What the task requires -
Among the entries that follow, find every line with the word "lambda" and copy it.

**** Data records

lemma lipschitz_MM_nonneg_constant:
  assumes "lipschitz_MM f"
  obtains C where "0 \<le> C" "\<And>x y. dM (f x) (f y) \<le> C * dM x y"
proof -
  obtain C where C: "\<And>x y. dM (f x) (f y) \<le> C * dM x y"
    using assms unfolding lipschitz_MM_def by blast
  have "dM (f x) (f y) \<le> max C 0 * dM x y" for x y
    by (rule order_trans[OF C mult_right_mono]) (simp_all add: dM_nonneg)
  then show thesis using that[of "max C 0"] by simp
qed

lemma dM_le_if_le_one:
  assumes "\<And>x. f x \<le> 1"
  shows "dM (f x) (f y) \<le> 1 * dM x y"
proof (cases "x = y")
  case False
  have "dM (f x) (f y) \<le> 1"
    using assms[of x] assms[of y] by (auto simp: dM_def)
  with dM_ge_one[OF False] show ?thesis by simp
qed simp

lemma lipschitz_MM_if_le_one: "(\<And>x. f x \<le> 1) \<Longrightarrow> lipschitz_MM f"
  unfolding lipschitz_MM_def using dM_le_if_le_one by blast

lemma Lip0_iff: "g \<in> Lip0 \<longleftrightarrow> g 0 = 0 \<and> (\<exists>C. \<forall>x y. norm (g x - g y) \<le> C * dM x y)"
  unfolding Lip0_def lipschitz_M_def by simp

lemma lipnorm_least:
  fixes g :: "nat \<Rightarrow> 'k::real_normed_field"
  assumes "\<And>x y. x \<noteq> y \<Longrightarrow> norm (g x - g y) \<le> B * dM x y"
  shows "lipnorm g \<le> B"
  unfolding lipnorm_def
proof (rule cSup_least)
  have "norm (g 0 - g 1) / dM 0 1 \<in> {norm (g x - g y) / dM x y | x y. x \<noteq> y}"
    by (intro CollectI exI[of _ 0] exI[of _ 1]) simp
  then show "{norm (g x - g y) / dM x y | x y. x \<noteq> y} \<noteq> {}"
    by blast
next
  fix r assume "r \<in> {norm (g x - g y) / dM x y | x y. x \<noteq> y}"
  then obtain x y where "r = norm (g x - g y) / dM x y" "x \<noteq> y" by blast
  then show "r \<le> B" using assms dM_pos by (simp add: pos_divide_le_eq)
qed

lemma lipnorm_bound:
  fixes g :: "nat \<Rightarrow> 'k::real_normed_field"
  assumes "g \<in> Lip0"
  shows "norm (g x - g y) \<le> lipnorm g * dM x y"
proof (cases "x = y")
  case False
  obtain C where C: "\<And>x y. norm (g x - g y) \<le> C * dM x y"
    using assms by (auto simp: Lip0_iff)
  have "bdd_above {norm (g x - g y) / dM x y | x y. x \<noteq> y}"
    using C dM_pos by (intro bdd_aboveI[of _ C]) (auto simp: pos_divide_le_eq)
  then have "norm (g x - g y) / dM x y \<le> lipnorm g"
    unfolding lipnorm_def using False by (intro cSup_upper) auto
  then show ?thesis using dM_pos[OF False] by (simp add: pos_divide_le_eq)
qed simp

lemma lipnorm_nonneg:
  fixes g :: "nat \<Rightarrow> 'k::real_normed_field"
  assumes "g \<in> Lip0"
  shows "0 \<le> lipnorm g"
proof -
  have "norm (g 0 - g 1) \<le> lipnorm g"
    using lipnorm_bound[OF assms, of 0 1] by (simp add: dM_def)
  then show ?thesis by (rule order_trans[OF norm_ge_zero])
qed

lemma norm_le_lipnorm:
  fixes g :: "nat \<Rightarrow> 'k::real_normed_field"
  assumes "g \<in> Lip0"
  shows "norm (g x) \<le> lipnorm g * real x"
  using lipnorm_bound[OF assms, of x 0] assms by (simp add: Lip0_iff dM_def)

lemma Lip0_zero: "(\<lambda>_. 0) \<in> Lip0"
  by (auto simp: Lip0_iff intro!: exI[of _ 0])

lemma lipnorm_zero: "lipnorm (\<lambda>_. 0 :: 'k::real_normed_field) = 0"
proof (rule antisym)
  show "lipnorm (\<lambda>_. 0 :: 'k) \<le> 0"
    by (rule lipnorm_least) simp
  show "0 \<le> lipnorm (\<lambda>_. 0 :: 'k)"
    by (rule lipnorm_nonneg[OF Lip0_zero])
qed

lemma Lip0_add:
  fixes g h :: "nat \<Rightarrow> 'k::real_normed_field"
  assumes "g \<in> Lip0" "h \<in> Lip0"
  shows "(\<lambda>x. g x + h x) \<in> Lip0"
proof -
  have "norm ((g x + h x) - (g y + h y)) \<le> (lipnorm g + lipnorm h) * dM x y" for x y
    using norm_triangle_ineq[of "g x - g y" "h x - h y"]
      lipnorm_bound[OF assms(1), of x y] lipnorm_bound[OF assms(2), of x y]
    by (simp add: algebra_simps)
  then show ?thesis using assms by (auto simp: Lip0_iff)
qed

********

Answer for this exercise -
lemma Lip0_zero: "(\<lambda>_. 0) \<in> Lip0"
lemma lipnorm_zero: "lipnorm (\<lambda>_. 0 :: 'k::real_normed_field) = 0"
  show "lipnorm (\<lambda>_. 0 :: 'k) \<le> 0"
  show "0 \<le> lipnorm (\<lambda>_. 0 :: 'k)"
  shows "(\<lambda>x. g x + h x) \<in> Lip0"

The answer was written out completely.